At that moment, Eduard Shevardnadze will be much missed. When he was elected to the 28th Congress of the Soviet Communist Party, he sounded an important note: `We are a great country, but great in what? A country which is feared or a country which is respected? What is true patriotism? Satisfying the arrogance of statehood or having the courage to recognize mistakes?'

We need fresh thinking about the concept of sovereignty: what is good and valuable about it, and what is negative and backward-looking. The recovery of freedom in different areas has brought an outbreak of dangerous ethnic tensions, concealed but not cured by the imposition of centralist rule. Unless we sanitize sovereignty we may atomize society.

A Hungarian Foreign Ministry official said to me recently, `We have a vacuum of values. The old order has gone, but we don't quite know what will take its place. It would be tragic if we went back to the concepts of the 19th Century. We need new values for all of Europe.'

But where to find them?

Adam Smith, who became the unexpected guru of the 1980s, was a moral philosopher before he became an economist. The yuppies have picked out those parts of his thinking that suited their purposes. But to make the free market fair, he said in his Theory of Moral Sentiments, all of us need to accept the judgments of an `impartial spectator' as a guide to our conduct, personally and nationally.

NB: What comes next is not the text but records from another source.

lemma func_equiv_if_inv_pres_snd_minus_comp_fst:
  fixes F :: "'y::real_normed_vector \<Rightarrow> 'z::real_normed_vector"
    and \<phi>Y :: "('y \<Rightarrow> 'y) \<Rightarrow> ('y \<Rightarrow> 'y)"
    and \<phi>P :: "('y \<times> 'z \<Rightarrow> 'y \<times> 'z) \<Rightarrow> ('y \<times> 'z \<Rightarrow> 'y \<times> 'z)"
  assumes F: "gateaux_differentiable F"
    and eq: "aff_equiv \<phi>P \<phi>Y"
    and inv: "inv_pres \<phi>P (\<lambda>p. snd p - F (fst p))"
  shows "func_equiv \<phi>Y \<phi>P F"
  unfolding func_equiv_def
proof (intro ballI impI)
  fix f assume f: "f \<in> vfields" and g: "augmented F f \<in> vfields"
  define g where "g = augmented F f"
  have g_apply: "g p = (f (fst p), gderiv F (fst p) (f (fst p)))" for p
    unfolding g_def augmented_def by (simp add: case_prod_beta)
  have "related fst g f"
    by (simp add: related_bounded_linear_iff[OF bounded_linear_fst] g_apply)
  then have "related fst (\<phi>P g) (\<phi>Y f)"
    using eq f g caffine_bounded_linear[OF bounded_linear_fst] unfolding aff_equiv_def g_def by blast
  then have fst_\<phi>P: "fst (\<phi>P g p) = \<phi>Y f (fst p)" for p
    by (cases p) (simp add: related_bounded_linear_iff[OF bounded_linear_fst])
  have "gderiv (\<lambda>p. snd p - F (fst p)) p (g p) = 0" for p
    using gderiv_snd_minus_comp_fst[OF F] by (cases p) (simp add: g_apply)
  then have "gderiv (\<lambda>p. snd p - F (fst p)) p (\<phi>P g p) = 0" for p
    using inv f g unfolding inv_pres_def g_def by blast
  then have "snd (\<phi>P g p) = gderiv F (fst p) (fst (\<phi>P g p))" for p
    using gderiv_snd_minus_comp_fst[OF F, of "fst p" "snd p" "fst (\<phi>P g p)" "snd (\<phi>P g p)"]
    by simp
  then show "related (\<lambda>y. (y, F y)) (\<phi>Y f) (\<phi>P (augmented F f))"
    unfolding related_graph_iff[OF F] g_def[symmetric] by (simp add: prod_eq_iff fst_\<phi>P)
qed

lemma inv_pres_if_func_equiv:
  fixes F :: "'y::real_normed_vector \<Rightarrow> 'z::real_normed_vector"
    and \<phi>Y :: "('y \<Rightarrow> 'y) \<Rightarrow> ('y \<Rightarrow> 'y)"
    and \<phi>Z :: "('z \<Rightarrow> 'z) \<Rightarrow> ('z \<Rightarrow> 'z)"
    and \<phi>P :: "('y \<times> 'z \<Rightarrow> 'y \<times> 'z) \<Rightarrow> ('y \<times> 'z \<Rightarrow> 'y \<times> 'z)"
  assumes F: "gateaux_differentiable F"
    and feq: "func_equiv \<phi>Y \<phi>P F"
    and eq_snd: "aff_equiv \<phi>P \<phi>Z"
    and eq_Z: "aff_equiv \<phi>Z \<phi>Z"
  shows "inv_pres \<phi>Y F"
  unfolding inv_pres_def
proof (intro ballI impI allI)
  fix f y assume f: "f \<in> vfields" and invariant: "\<forall>y. gderiv F y (f y) = 0"
  have g_eq: "augmented F f = (\<lambda>p. (f (fst p), 0))"
    unfolding augmented_def using invariant by (auto simp: case_prod_beta)
  then have g: "augmented F f \<in> vfields"
    using f smooth_lift_fst unfolding vfields_def by auto
  have "related snd (augmented F f) (\<lambda>z. 0)"
    unfolding g_eq by (simp add: related_bounded_linear_iff[OF bounded_linear_snd])
  then have "related snd (\<phi>P (augmented F f)) (\<phi>Z (\<lambda>z. 0))"
    using eq_snd g zero_field_in_vfields caffine_bounded_linear[OF bounded_linear_snd]
    unfolding aff_equiv_def by blast
  then have "snd (\<phi>P (augmented F f) (y, F y)) = 0"
    by (simp add: related_bounded_linear_iff[OF bounded_linear_snd] aff_equiv_zero_field[OF eq_Z])
  moreover have "related (\<lambda>y. (y, F y)) (\<phi>Y f) (\<phi>P (augmented F f))"
    using feq f g unfolding func_equiv_def by blast
  ultimately show "gderiv F y (\<phi>Y f y) = 0"
    unfolding related_graph_iff[OF F] by simp
qed

theorem theorem2p9:
  fixes \<phi>Y :: "('y::banach \<Rightarrow> 'y) \<Rightarrow> ('y \<Rightarrow> 'y)"
    and \<phi>Z :: "('z::banach \<Rightarrow> 'z) \<Rightarrow> ('z \<Rightarrow> 'z)"
    and \<phi>P :: "('y \<times> 'z \<Rightarrow> 'y \<times> 'z) \<Rightarrow> ('y \<times> 'z \<Rightarrow> 'y \<times> 'z)"
    and CYZ :: "('y \<Rightarrow> 'z) set"
    and CZZ :: "('z \<Rightarrow> 'z) set"
    and CPZ :: "('y \<times> 'z \<Rightarrow> 'z) set"
  assumes int: "integrator_comp \<phi>Y" "integrator_comp \<phi>Z" "integrator_comp \<phi>P"
    and aeq: "aff_equiv \<phi>Y \<phi>Y" "aff_equiv \<phi>Y \<phi>Z" "aff_equiv \<phi>Y \<phi>P"
             "aff_equiv \<phi>Z \<phi>Y" "aff_equiv \<phi>Z \<phi>Z" "aff_equiv \<phi>Z \<phi>P"
             "aff_equiv \<phi>P \<phi>Y" "aff_equiv \<phi>P \<phi>Z" "aff_equiv \<phi>P \<phi>P"
    and cls_id: "id \<in> CZZ"
    and cls_vs: "map_class_vs CYZ" "map_class_vs CZZ" "map_class_vs CPZ"
    and cls_aff: "affine_closed CYZ CYZ" "affine_closed CYZ CZZ" "affine_closed CYZ CPZ"
                 "affine_closed CZZ CYZ" "affine_closed CZZ CZZ" "affine_closed CZZ CPZ"
                 "affine_closed CPZ CYZ" "affine_closed CPZ CZZ" "affine_closed CPZ CPZ"
  shows "((\<forall>F\<in>CYZ. inv_pres \<phi>Y F) \<and> (\<forall>G\<in>CPZ. inv_pres \<phi>P G)
            \<longrightarrow> (\<forall>F\<in>CYZ. func_equiv \<phi>Y \<phi>P F))
         \<and> ((\<forall>F\<in>CYZ. func_equiv \<phi>Y \<phi>P F) \<longrightarrow> (\<forall>F\<in>CYZ. inv_pres \<phi>Y F))"
proof -
  have F_diff: "gateaux_differentiable F" if "F \<in> CYZ" for F
    using cls_vs(1) that unfolding map_class_vs_def by blast
  have "func_equiv \<phi>Y \<phi>P F" if "F \<in> CYZ" and "\<forall>G\<in>CPZ. inv_pres \<phi>P G" for F
  proof (rule func_equiv_if_inv_pres_snd_minus_comp_fst[OF F_diff[OF that(1)] aeq(7)])
    show "inv_pres \<phi>P (\<lambda>p. snd p - F (fst p))"
      using that snd_minus_comp_fst_in_class[OF cls_vs(3) cls_aff(3,6) cls_id] by blast
  qed
  moreover have "inv_pres \<phi>Y F" if "F \<in> CYZ" and "func_equiv \<phi>Y \<phi>P F" for F
    using inv_pres_if_func_equiv[OF F_diff[OF that(1)] that(2) aeq(8,5)] .
  ultimately show ?thesis by blast
qed

end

This impartial spectator could take the form of an external judge such as UN enquiry or peacekeeping force. But in Adam Smith's thinking the spectator is ultimately a phenomenon inside each one of us - the inner voice of conscience or, in his 18th-century language, `the viceregent of the Deity'.

President Havel would not agree with Adam Smith on all points, but he does on this. In his historic address to the US Congress last year he said, 'If I subordinate my political behaviour to the imperative mediated to me by my conscience, I can't go far wrong. If I were not guided by this voice, not even ten presidential schools with two thousand of the best political scientists in the world could help me.'

We need to drink deep at such wells of wisdom if we are now to find humanity's way forward.

Archie Mackenzie is a retired British Ambassador who has known the UN at first hand since its inception.